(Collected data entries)
(* Let $f$ be a function on $\mathbb R$ whose Fourier transform vanishes for negative arguments and which is normalised ($\int_0^\infty\frac{dp}{2p}|\tilde f(p)|^2=1$), such that $f$ and $f'$ exist and are integrable, and suppose there are constants $C>0$, $L>1$, $\alpha>1/2$, $\varepsilon>0$ with \[ |f(y)|\le\frac{C}{(-y)^{1+\varepsilon}}\ (y\le -L),\qquad |f(y)|\le \frac{C}{y^{1+\alpha}}\ (y\ge L).\] Then $\bar N[f]<\infty$, and if moreover $\varepsilon>1/2$, then $\bar N^{Th}_{2\pi}[f]<\infty$.
   Context: Fourier transforms are $\tilde g(p)=(2\pi)^{-1/2}\int g(y)e^{-ipy}dy$. With $x(y)=-\log(1+e^{-y})$, $\widetilde{\check f}(-k)=(2\pi)^{-1/2}\int_{\mathbb R} f(y)e^{ikx(y)}dy$ for $k\ge0$. Mean number of created particles: $\bar N[f]=\int_0^\infty\frac{dk}{2k}|\widetilde{\check f}(-k)|^2$. Thermal average: $\bar N^{Th}_\beta[f]=\int_0^\infty\frac{dp}{2p}\frac{|\tilde f(p)|^2}{e^{\beta p}-1}$. *)

theory Defs
  imports "HOL-Analysis.Analysis"
begin

definition fourier :: "(real \<Rightarrow> complex) \<Rightarrow> real \<Rightarrow> complex" where
  "fourier g p = complex_of_real (1 / sqrt (2 * pi)) *
     integral\<^sup>L lborel (\<lambda>y. g y * cis (- p * y))"

definition xmap :: "real \<Rightarrow> real" where
  "xmap y = - ln (1 + exp (- y))"

text \<open>(check f)~(-k) = (2 pi)^(-1/2) \<integral> f(y) e^(i k x(y)) dy.\<close>
definition check_fourier_neg :: "(real \<Rightarrow> complex) \<Rightarrow> real \<Rightarrow> complex" where
  "check_fourier_neg f k = complex_of_real (1 / sqrt (2 * pi)) *
     integral\<^sup>L lborel (\<lambda>y. f y * cis (k * xmap y))"

definition Nbar :: "(real \<Rightarrow> complex) \<Rightarrow> ennreal" where
  "Nbar f = (\<integral>\<^sup>+ k \<in> {0<..}. ennreal (cmod (check_fourier_neg f k) ^ 2 / (2 * k)) \<partial>lborel)"

definition Nbar_th :: "real \<Rightarrow> (real \<Rightarrow> complex) \<Rightarrow> ennreal" where
  "Nbar_th \<beta> f = (\<integral>\<^sup>+ p \<in> {0<..}.
      ennreal (cmod (fourier f p) ^ 2 / (2 * p) / (exp (\<beta> * p) - 1)) \<partial>lborel)"

end

theory Submission
  imports Defs
begin

(*
  Both quantities integrate a squared transform against dk/k over k > 0, so everything hinges
  on the size of the transforms near k = 0 and, for Nbar, as k tends to infinity.

  Near 0: the decay of f makes |f y| (1 + |y|)^g integrable for g < min alpha eps, which makes
  every integral of f y * cis (k * phi y) with |phi y| <= 1 + |y| Hoelder continuous of order g
  in k. This covers phi y = - y (the Fourier transform) as well as phi = xmap, and both agree
  at k = 0. The Fourier transform vanishes for negative frequencies, hence at 0, so both
  transforms are O(k^g). For alpha, eps > 1/2 we may take g > 1/2; the thermal integrand is
  then O(k^(2 g - 2)) near 0, and away from 0 it is dominated by the normalised integrand.

  At infinity: split the integral defining the transform in Nbar at y = - k and y = ln k.
  The left tail is O(k^(- g)) and the right tail O((ln k)^(- g')) for some g' in (1/2, alpha).
  On the middle part, since xmap' = 1 / (1 + exp), integration by parts gains a factor 1/k,
  at the price of boundary terms and of H k / k, where H k is the integral of
  (|f'| + |f|) exp y up to ln k; by Tonelli, H k / k^2 is integrable over k >= K.
*)

section \<open>Power integrals\<close>

lemma nn_integral_powr_atLeast:
  fixes s L :: real
  assumes "s < -1" "L > 0"
  shows "(\<integral>\<^sup>+y. ennreal (indicator {L..} y * y powr s) \<partial>lborel) = ennreal (- (L powr (s + 1)) / (s + 1))"
  using nn_integral_has_integral_lebesgue'[OF _ has_integral_powr_to_inf[OF assms]]
  by (simp add: ennreal_mult' ennreal_indicator mult.commute)

lemma integrable_powr_atLeast:
  fixes s L :: real
  assumes "s < -1" "L > 0"
  shows "integrable lborel (\<lambda>y. indicator {L..} y * y powr s)"
  using nn_integral_powr_atLeast[OF assms] by (intro integrableI_nonneg) (auto simp: indicator_def)

lemma nn_integral_powr_atLeastAtMost_0:
  fixes s c :: real
  assumes "s > -1" "c \<ge> 0"
  shows "(\<integral>\<^sup>+p. ennreal (indicator {0..c} p * p powr s) \<partial>lborel) = ennreal (c powr (s + 1) / (s + 1))"
  using nn_integral_has_integral_lebesgue'[OF _ has_integral_powr_from_0[OF assms]]
  by (simp add: ennreal_mult' ennreal_indicator mult.commute)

■ **WHAT TO DO**: Transcribe each record above exactly. Skip none.

■ **RESPONSE BOX**:
(* Let $f$ be a function on $\mathbb R$ whose Fourier transform vanishes for negative arguments and which is normalised ($\int_0^\infty\frac{dp}{2p}|\tilde f(p)|^2=1$), such that $f$ and $f'$ exist and are integrable, and suppose there are constants $C>0$, $L>1$, $\alpha>1/2$, $\varepsilon>0$ with \[ |f(y)|\le\frac{C}{(-y)^{1+\varepsilon}}\ (y\le -L),\qquad |f(y)|\le \frac{C}{y^{1+\alpha}}\ (y\ge L).\] Then $\bar N[f]<\infty$, and if moreover $\varepsilon>1/2$, then $\bar N^{Th}_{2\pi}[f]<\infty$.
   Context: Fourier transforms are $\tilde g(p)=(2\pi)^{-1/2}\int g(y)e^{-ipy}dy$. With $x(y)=-\log(1+e^{-y})$, $\widetilde{\check f}(-k)=(2\pi)^{-1/2}\int_{\mathbb R} f(y)e^{ikx(y)}dy$ for $k\ge0$. Mean number of created particles: $\bar N[f]=\int_0^\infty\frac{dk}{2k}|\widetilde{\check f}(-k)|^2$. Thermal average: $\bar N^{Th}_\beta[f]=\int_0^\infty\frac{dp}{2p}\frac{|\tilde f(p)|^2}{e^{\beta p}-1}$. *)

theory Defs
  imports "HOL-Analysis.Analysis"
begin

definition fourier :: "(real \<Rightarrow> complex) \<Rightarrow> real \<Rightarrow> complex" where
  "fourier g p = complex_of_real (1 / sqrt (2 * pi)) *
     integral\<^sup>L lborel (\<lambda>y. g y * cis (- p * y))"

definition xmap :: "real \<Rightarrow> real" where
  "xmap y = - ln (1 + exp (- y))"

text \<open>(check f)~(-k) = (2 pi)^(-1/2) \<integral> f(y) e^(i k x(y)) dy.\<close>
definition check_fourier_neg :: "(real \<Rightarrow> complex) \<Rightarrow> real \<Rightarrow> complex" where
  "check_fourier_neg f k = complex_of_real (1 / sqrt (2 * pi)) *
     integral\<^sup>L lborel (\<lambda>y. f y * cis (k * xmap y))"

definition Nbar :: "(real \<Rightarrow> complex) \<Rightarrow> ennreal" where
  "Nbar f = (\<integral>\<^sup>+ k \<in> {0<..}. ennreal (cmod (check_fourier_neg f k) ^ 2 / (2 * k)) \<partial>lborel)"

definition Nbar_th :: "real \<Rightarrow> (real \<Rightarrow> complex) \<Rightarrow> ennreal" where
  "Nbar_th \<beta> f = (\<integral>\<^sup>+ p \<in> {0<..}.
      ennreal (cmod (fourier f p) ^ 2 / (2 * p) / (exp (\<beta> * p) - 1)) \<partial>lborel)"

end

theory Submission
  imports Defs
begin

(*
  Both quantities integrate a squared transform against dk/k over k > 0, so everything hinges
  on the size of the transforms near k = 0 and, for Nbar, as k tends to infinity.

  Near 0: the decay of f makes |f y| (1 + |y|)^g integrable for g < min alpha eps, which makes
  every integral of f y * cis (k * phi y) with |phi y| <= 1 + |y| Hoelder continuous of order g
  in k. This covers phi y = - y (the Fourier transform) as well as phi = xmap, and both agree
  at k = 0. The Fourier transform vanishes for negative frequencies, hence at 0, so both
  transforms are O(k^g). For alpha, eps > 1/2 we may take g > 1/2; the thermal integrand is
  then O(k^(2 g - 2)) near 0, and away from 0 it is dominated by the normalised integrand.

  At infinity: split the integral defining the transform in Nbar at y = - k and y = ln k.
  The left tail is O(k^(- g)) and the right tail O((ln k)^(- g')) for some g' in (1/2, alpha).
  On the middle part, since xmap' = 1 / (1 + exp), integration by parts gains a factor 1/k,
  at the price of boundary terms and of H k / k, where H k is the integral of
  (|f'| + |f|) exp y up to ln k; by Tonelli, H k / k^2 is integrable over k >= K.
*)

section \<open>Power integrals\<close>

lemma nn_integral_powr_atLeast:
  fixes s L :: real
  assumes "s < -1" "L > 0"
  shows "(\<integral>\<^sup>+y. ennreal (indicator {L..} y * y powr s) \<partial>lborel) = ennreal (- (L powr (s + 1)) / (s + 1))"
  using nn_integral_has_integral_lebesgue'[OF _ has_integral_powr_to_inf[OF assms]]
  by (simp add: ennreal_mult' ennreal_indicator mult.commute)

lemma integrable_powr_atLeast:
  fixes s L :: real
  assumes "s < -1" "L > 0"
  shows "integrable lborel (\<lambda>y. indicator {L..} y * y powr s)"
  using nn_integral_powr_atLeast[OF assms] by (intro integrableI_nonneg) (auto simp: indicator_def)

lemma nn_integral_powr_atLeastAtMost_0:
  fixes s c :: real
  assumes "s > -1" "c \<ge> 0"
  shows "(\<integral>\<^sup>+p. ennreal (indicator {0..c} p * p powr s) \<partial>lborel) = ennreal (c powr (s + 1) / (s + 1))"
  using nn_integral_has_integral_lebesgue'[OF _ has_integral_powr_from_0[OF assms]]
  by (simp add: ennreal_mult' ennreal_indicator mult.commute)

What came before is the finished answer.